After loving Hereditary during last January’s Sundance Film Festival, Variety ‘s Owen Gleiberman caught it a second time this weekend after hearing that low-rent horror fans were sneering and laughing and give it a shitty CinemaScore grade. Here’s his report:
“Why are there so many people turning on Hereditary who would be all too happy to sit through the limb-severing, soundtrack-gonging, ghost-face-in-the-mirror megaplex horror implement of the week? The reason they’re turning on it, of course, is that it’s not the horror implement of the week.”
Once again, he concluded, we’re witnessing “a nearly epistemological divide in the moviegoing audience, a kind of blue state/red state schism.
“Horror films now require a kinesthetic element of funhouse sensation to engage a wide audience. A Quiet Place is a good example.

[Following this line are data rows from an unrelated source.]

(* Let $L$ be a finite-dimensional pure, nonnilpotent, solvable Lie algebra over $\mathbb{C}$ of breadth $2$ such that $\dim[L,L]=3$ and $\dim\big(L/Z(L)\big)=3$. Then $L$ has a basis $\{x_1,x_2,x_3,z\}$ in which the only nonzero brackets of basis elements (up to antisymmetry) are $[x_1,x_2]=x_2$, $[x_1,x_3]=-x_3$ and $[x_2,x_3]=z$.
   Context: For $x\in L$, the breadth of $x$ is $b(x)=\mathrm{rank}(\mathrm{ad}_x)$, and the breadth of $L$ is $b(L)=\max\{b(x)\mid x\in L\}$. A Lie algebra $L$ is pure (or stem) if it has no abelian ideal as a direct summand; equivalently $Z(L)\subseteq[L,L]$. $Z(L)$ denotes the center of $L$. *)

theory Defs
  imports "HOL-Analysis.Analysis"
begin

definition lie_algebra :: "(complex \<Rightarrow> 'a::ab_group_add \<Rightarrow> 'a) \<Rightarrow> ('a \<Rightarrow> 'a \<Rightarrow> 'a) \<Rightarrow> bool" where
  "lie_algebra sc br \<longleftrightarrow>
     vector_space sc \<and>
     (\<forall>x. Vector_Spaces.linear sc sc (br x)) \<and>
     (\<forall>y. Vector_Spaces.linear sc sc (\<lambda>x. br x y)) \<and>
     (\<forall>x. br x x = 0) \<and>
     (\<forall>x y z. br x (br y z) + br y (br z x) + br z (br x y) = 0)"

definition fin_dim_space :: "(complex \<Rightarrow> 'a::ab_group_add \<Rightarrow> 'a) \<Rightarrow> bool" where
  "fin_dim_space sc \<longleftrightarrow> (\<exists>B. finite B \<and> module.span sc B = UNIV)"

definition lie_br_set :: "(complex \<Rightarrow> 'a::ab_group_add \<Rightarrow> 'a) \<Rightarrow> ('a \<Rightarrow> 'a \<Rightarrow> 'a) \<Rightarrow> 'a set \<Rightarrow> 'a set \<Rightarrow> 'a set" where
  "lie_br_set sc br A B = module.span sc {br a b | a b. a \<in> A \<and> b \<in> B}"

definition lie_center :: "('a \<Rightarrow> 'a \<Rightarrow> 'a::ab_group_add) \<Rightarrow> 'a set" where
  "lie_center br = {z. \<forall>x. br z x = 0}"

fun lower_central :: "(complex \<Rightarrow> 'a::ab_group_add \<Rightarrow> 'a) \<Rightarrow> ('a \<Rightarrow> 'a \<Rightarrow> 'a) \<Rightarrow> nat \<Rightarrow> 'a set" where
  "lower_central sc br 0 = UNIV"
| "lower_central sc br (Suc k) = lie_br_set sc br UNIV (lower_central sc br k)"

fun derived_series :: "(complex \<Rightarrow> 'a::ab_group_add \<Rightarrow> 'a) \<Rightarrow> ('a \<Rightarrow> 'a \<Rightarrow> 'a) \<Rightarrow> nat \<Rightarrow> 'a set" where
  "derived_series sc br 0 = UNIV"
| "derived_series sc br (Suc k) = lie_br_set sc br (derived_series sc br k) (derived_series sc br k)"

definition lie_nilpotent where
  "lie_nilpotent sc br \<longleftrightarrow> (\<exists>k. lower_central sc br k = {0})"

definition lie_solvable where
  "lie_solvable sc br \<longleftrightarrow> (\<exists>k. derived_series sc br k = {0})"

definition lie_pure where
  "lie_pure sc br \<longleftrightarrow> lie_center br \<subseteq> lie_br_set sc br UNIV UNIV"

definition elem_breadth :: "(complex \<Rightarrow> 'a::ab_group_add \<Rightarrow> 'a) \<Rightarrow> ('a \<Rightarrow> 'a \<Rightarrow> 'a) \<Rightarrow> 'a \<Rightarrow> nat" where
  "elem_breadth sc br x = vector_space.dim sc (range (br x))"

definition lie_breadth :: "(complex \<Rightarrow> 'a::ab_group_add \<Rightarrow> 'a) \<Rightarrow> ('a \<Rightarrow> 'a \<Rightarrow> 'a) \<Rightarrow> nat" where
  "lie_breadth sc br = Max (range (elem_breadth sc br))"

True to its title, it’s a quiet and subtle movie — except for when it’s not, when aliens with jaws the size of bulldozer shovels are tearing away at anything that dares to make a sound.
“These days, the horror films that become mainstream hits tend to be so sensational, even debased, that they’re like ritualized celebrations of our inhumanity. At slasher movies, people view the killers as rock stars of mayhem; at paranormal thrillers, ghosts go bump, crash, and boom in the night; at torture porn, the torture is the star — the ‘characters’ are just fresh meat. And almost any tale of the supernatural turns into a relentless carnival of Jack-in-the-box devils.”